Question

A hungry 177 kg lion running northward at 81.8 km/hr attacks and holds onto a 32.0 kg Thomson's gazelle running eastward at 59.0 km/hr. Find the final speed of the lion–gazelle system immediately after the attack.

Answer 1

To find the final speed of the lion-gazelle system immediately after the attack, we need to apply the conservation of momentum.

Step-by-step explanation:

To find the final speed of the lion-gazelle system immediately after the attack, we need to apply the conservation of momentum. Momentum of an object is given by multiplying its mass and velocity.

We can calculate the momentum of the lion-gazelle system before the attack and equate it to the momentum after the attack. Assuming the lion and gazelle move as a single system after the attack, we have:

(Mass of lion * Speed of lion) + (Mass of gazelle * Speed of gazelle) = (Total mass of lion and gazelle after attack * Final speed of lion-gazelle system)

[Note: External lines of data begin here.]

definition w :: "real \<Rightarrow> real \<Rightarrow> 'a::euclidean_space \<Rightarrow> real" where
  "w p t x = integral {norm x..1}
      (\<lambda>y. 1 / (t * y powr xi (real DIM('a)) p + beta (real DIM('a)) p * y) powr (1 / (p - 1)))"

definition normX :: "real \<Rightarrow> ('a::euclidean_space \<Rightarrow> real) \<Rightarrow> real" where
  "normX p \<phi> = (SUP x\<in>punct. norm x powr sigma p * \<bar>\<phi> x\<bar>
                    + norm x powr (sigma p + 1) * norm (grad \<phi> x))"

definition inX :: "real \<Rightarrow> ('a::euclidean_space \<Rightarrow> real) \<Rightarrow> bool" where
  "inX p \<phi> \<longleftrightarrow> (\<forall>x\<in>punct. \<phi> differentiable (at x within punct))
     \<and> bdd_above ((\<lambda>x. norm x powr sigma p * \<bar>\<phi> x\<bar>
                    + norm x powr (sigma p + 1) * norm (grad \<phi> x)) ` punct)
     \<and> (\<forall>x. norm x = 1 \<longrightarrow> \<phi> x = 0)"

definition normY :: "real \<Rightarrow> ('a::euclidean_space \<Rightarrow> real) \<Rightarrow> real" where
  "normY p f = (SUP x\<in>punct. norm x powr (sigma p + 2) * \<bar>f x\<bar>)"

definition inY :: "real \<Rightarrow> ('a::euclidean_space \<Rightarrow> real) \<Rightarrow> bool" where
  "inY p f \<longleftrightarrow> bdd_above ((\<lambda>x. norm x powr (sigma p + 2) * \<bar>f x\<bar>) ` punct)"

end

theory Submission
  imports Defs
begin
lemma reach_from_half_plane:
  assumes D: "D > 0" and p: "fst p > 0"
  shows "reach \<delta> \<gamma> D p = {0<..} \<times> UNIV"
proof
  show "reach \<delta> \<gamma> D p \<subseteq> {0<..} \<times> UNIV"
    using p by (auto dest!: reach_fst_factor)
  show "{0<..} \<times> UNIV \<subseteq> reach \<delta> \<gamma> D p"
    using reach_half_plane[OF D p, of _ _ \<delta> \<gamma> "snd p"] by auto
qed

lemma reach_from_axis:
  assumes "fst p = 0"
  shows "closure (reach \<delta> \<gamma> D p) \<subseteq> {0} \<times> UNIV"
proof (rule closure_minimal)
  show "reach \<delta> \<gamma> D p \<subseteq> {0} \<times> UNIV"
    using assms by (auto dest!: reach_fst_factor)
qed (auto intro: closed_Times)

lemma closure_half_plane: "closure ({0<..} \<times> UNIV) = {0::real..} \<times> (UNIV :: real set)"
  by (simp add: closure_Times)

lemma half_plane_control_set:
  assumes "D > 0"
  shows "control_set_property \<delta> \<gamma> D ({0<..} \<times> UNIV)"
  unfolding control_set_property_def
proof (intro conjI ballI)
  show "{0<..} \<times> UNIV \<noteq> ({} :: (real \<times> real) set)" by auto
  fix p :: "real \<times> real"
  assume "p \<in> {0<..} \<times> UNIV"
  then show "closure ({0<..} \<times> UNIV) = closure (reach \<delta> \<gamma> D p)"
    using reach_from_half_plane[OF assms, of p] by auto
qed

text \<open>A control set containing the half plane cannot contain a point of the axis,
  since the closure of its reachable set would have to contain (1,0).\<close>
lemma half_plane_maximal:
  assumes D: "D > 0" and sub: "{0<..} \<times> UNIV \<subseteq> C'"
    and C': "control_set_property \<delta> \<gamma> D C'"
  shows "C' = {0<..} \<times> UNIV"
proof
  have one: "(1, 0) \<in> C'" using sub by auto
  have closure_reach: "closure C' = closure (reach \<delta> \<gamma> D p)" if "p \<in> C'" for p
    using C' that unfolding control_set_property_def by blast
  have cl: "closure C' = {0..} \<times> UNIV"
    using closure_reach[OF one] reach_from_half_plane[OF D, of "(1, 0)"] closure_half_plane
    by simp
  show "C' \<subseteq> {0<..} \<times> UNIV"
  proof
    fix p assume pC: "p \<in> C'"
    then have "p \<in> closure C'" using closure_subset by blast
    then have "fst p \<ge> 0" using cl by auto
    moreover have "fst p \<noteq> 0"
    proof
      assume "fst p = 0"
      moreover have "(1, 0) \<in> closure (reach \<delta> \<gamma> D p)"
        using closure_reach[OF pC] one closure_subset by blast
      ultimately show False using reach_from_axis[of p \<delta> \<gamma> D] by auto
    qed
    ultimately show "p \<in> {0<..} \<times> UNIV" by (cases p) auto
  qed
qed (rule sub)

theorem mainTheorem13:
  fixes \<delta> \<gamma> D :: real
  assumes "\<gamma> > 0" and "D > 0"
  shows "invariant_control_set \<delta> \<gamma> D ({0<..} \<times> UNIV)"
  unfolding invariant_control_set_def
  using half_plane_control_set[OF assms(2)] half_plane_maximal[OF assms(2)] by blast

end
definition toggle_symmetric :: "'a set \<Rightarrow> ('a \<Rightarrow> 'a \<Rightarrow> bool) \<Rightarrow> ('a set \<Rightarrow> real) \<Rightarrow> bool" where
  "toggle_symmetric P le \<mu> \<longleftrightarrow>
     (\<forall>p\<in>P. expect P le \<mu> (tplus P le p) = expect P le \<mu> (tminus le p))"

definition tCDE :: "'a set \<Rightarrow> ('a \<Rightarrow> 'a \<Rightarrow> bool) \<Rightarrow> bool" where
  "tCDE P le \<longleftrightarrow>
     (\<forall>\<mu>. is_distribution P le \<mu> \<and> toggle_symmetric P le \<mu> \<longrightarrow>
        expect P le \<mu> (\<lambda>I. real (ddeg le I)) = expect P le (uniform P le) (\<lambda>I. real (ddeg le I)))"

definition rowmotion :: "'a set \<Rightarrow> ('a \<Rightarrow> 'a \<Rightarrow> bool) \<Rightarrow> 'a set \<Rightarrow> 'a set" where
  "rowmotion P le I = {x\<in>P. \<exists>y\<in>minimal_elts le (P - I). le x y}"

definition orbit_of :: "('b \<Rightarrow> 'b) \<Rightarrow> 'b \<Rightarrow> 'b set" where
  "orbit_of f x = {(f ^^ k) x | k. True}"

definition orbit_avg :: "('b \<Rightarrow> 'b) \<Rightarrow> ('b \<Rightarrow> real) \<Rightarrow> 'b \<Rightarrow> real" where
  "orbit_avg f g x = (\<Sum>y\<in>orbit_of f x. g y) / real (card (orbit_of f x))"

definition covers :: "'a set \<Rightarrow> ('a \<Rightarrow> 'a \<Rightarrow> bool) \<Rightarrow> 'a \<Rightarrow> 'a \<Rightarrow> bool" where
  "covers P le x y \<longleftrightarrow> x \<in> P \<and> y \<in> P \<and> le x y \<and> x \<noteq> y \<and>
     \<not> (\<exists>z\<in>P. le x z \<and> le z y \<and> z \<noteq> x \<and> z \<noteq> y)"

definition is_rank_function :: "'a set \<Rightarrow> ('a \<Rightarrow> 'a \<Rightarrow> bool) \<Rightarrow> ('a \<Rightarrow> nat) \<Rightarrow> bool" where
  "is_rank_function P le rk \<longleftrightarrow>
     (\<exists>x\<in>P. rk x = 0) \<and> (\<forall>x\<in>P. \<forall>y\<in>P. covers P le x y \<longrightarrow> rk y = rk x + 1)"

definition toggle :: "'a set \<Rightarrow> ('a \<Rightarrow> 'a \<Rightarrow> bool) \<Rightarrow> 'a \<Rightarrow> 'a set \<Rightarrow> 'a set" where
  "toggle P le p I =
     (if p \<notin> I \<and> p \<in> minimal_elts le (P - I) then insert p I
      else if p \<in> I \<and> p \<in> maximal_elts le I then I - {p}
      else I)"

text \<open>tau_i: composition of all toggles tau_p with rk p = i (taken in some enumeration order;
  these toggles pairwise commute).\<close>
definition rank_toggle :: "'a set \<Rightarrow> ('a \<Rightarrow> 'a \<Rightarrow> bool) \<Rightarrow> ('a \<Rightarrow> nat) \<Rightarrow> nat \<Rightarrow> 'a set \<Rightarrow> 'a set" where
  "rank_toggle P le rk i =
     fold (toggle P le) (SOME xs. distinct xs \<and> set xs = {p\<in>P. rk p = i})"

text \<open>Phi_row(sigma) = tau_{sigma 0} o ... o tau_{sigma r}.\<close>
definition row_sigma :: "'a set \<Rightarrow> ('a \<Rightarrow> 'a \<Rightarrow> bool) \<Rightarrow> ('a \<Rightarrow> nat) \<Rightarrow> nat \<Rightarrow> (nat \<Rightarrow> nat)
    \<Rightarrow> 'a set \<Rightarrow> 'a set" where
  "row_sigma P le rk r \<sigma> I = foldr (\<lambda>i. rank_toggle P le rk (\<sigma> i)) [0..<Suc r] I"

end

theory Submission
  imports Defs
begin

Substituting the given values, we get:

(177 kg * 81.8 km/hr) + (32 kg * 59.0 km/hr) = (177 kg + 32 kg) * Final speed of lion-gazelle system

Solving the equation for the final speed, we find the final speed of the lion-gazelle system immediately after the attack.

Answer 2

The final speed of the lion-gazelle system immediately after the attack is 69.862 kilometers per hour.

Step-by-step explanation:

Let suppose that lion and Thomson's gazelle are running at constant speed before and after collision and that collision is entirely inelastic. Given the absence of external force, the Principle of Momentum Conservation is applied such that:

`\vec p_(L) + \vec p_(G) = \vec p_(F)`

Where:

`\vec p_(L)` - Linear momentum of the lion, measured in kilograms-meters per second.

`\vec p_(G)` - Linear momentum of the Thomson's gazelle, measured in kilograms-meters per second.

`\vec p_(F)` - Linear momentum of the lion-Thomson's gazelle, measured in kilograms-meters per second.

After using the definition of momentum, the system is expanded:

`m_(L)\cdot \vec v_(L) + m_(G)\cdot \vec v_(G) = (m_(L) + m_(G))\cdot \vec v_(F)`

Vectorially speaking, the final velocity of the lion-gazelle system is:

`\vec v_(F) = (m_(L))/(m_(L)+m_(G))\cdot \vec v_(L) + (m_(G))/(m_(L)+m_(G))\cdot \vec v_(G)`

Where:

`m_(L)`,
`m_(G)` - Masses of the lion and the Thomson's gazelle, respectively. Measured in kilograms.

`\vec v_(L)`,
`\vec v_(G)`,
`\vec v_(F)` - Velocities of the lion, Thomson's gazelle and the lion-gazelle system. respectively. Measured in meters per second.

If
`m_(L) = 177\,kg`,
`m_(G) = 32\,kg`,
`\vec v_(L) = 81.8\cdot j\,\left[(km)/(h) \right]` and
`\vec v_(G) = 59.0\cdot i\,\left[(km)/(h) \right]`, the final velocity of the lion-gazelle system is:

`\vec v_(F) = (177\,kg)/(177\,kg+32\,kg)\cdot \left(81.8\cdot j\right)\,\left[(km)/(h) \right] + (32\,kg)/(177\,kg+32\,kg)\cdot \left(59.0\cdot i\right)\,\left[(km)/(h) \right]`

`\vec v_(F) = 9.033\cdot i + 69.276\cdot j\,\left[(km)/(h) \right]`

The speed of the system is the magnitude of the velocity vector, which can be found by means of the Pythagorean theorem:

`\|\vec v_(F)\| = \sqrt{\left(9.033(km)/(h) \right)^(2)+\left(69.276(km)/(h) \right)^(2)}`

`\|\vec v_(F)\| \approx 69.862\,(km)/(h)`

The final speed of the lion-gazelle system immediately after the attack is 69.862 kilometers per hour.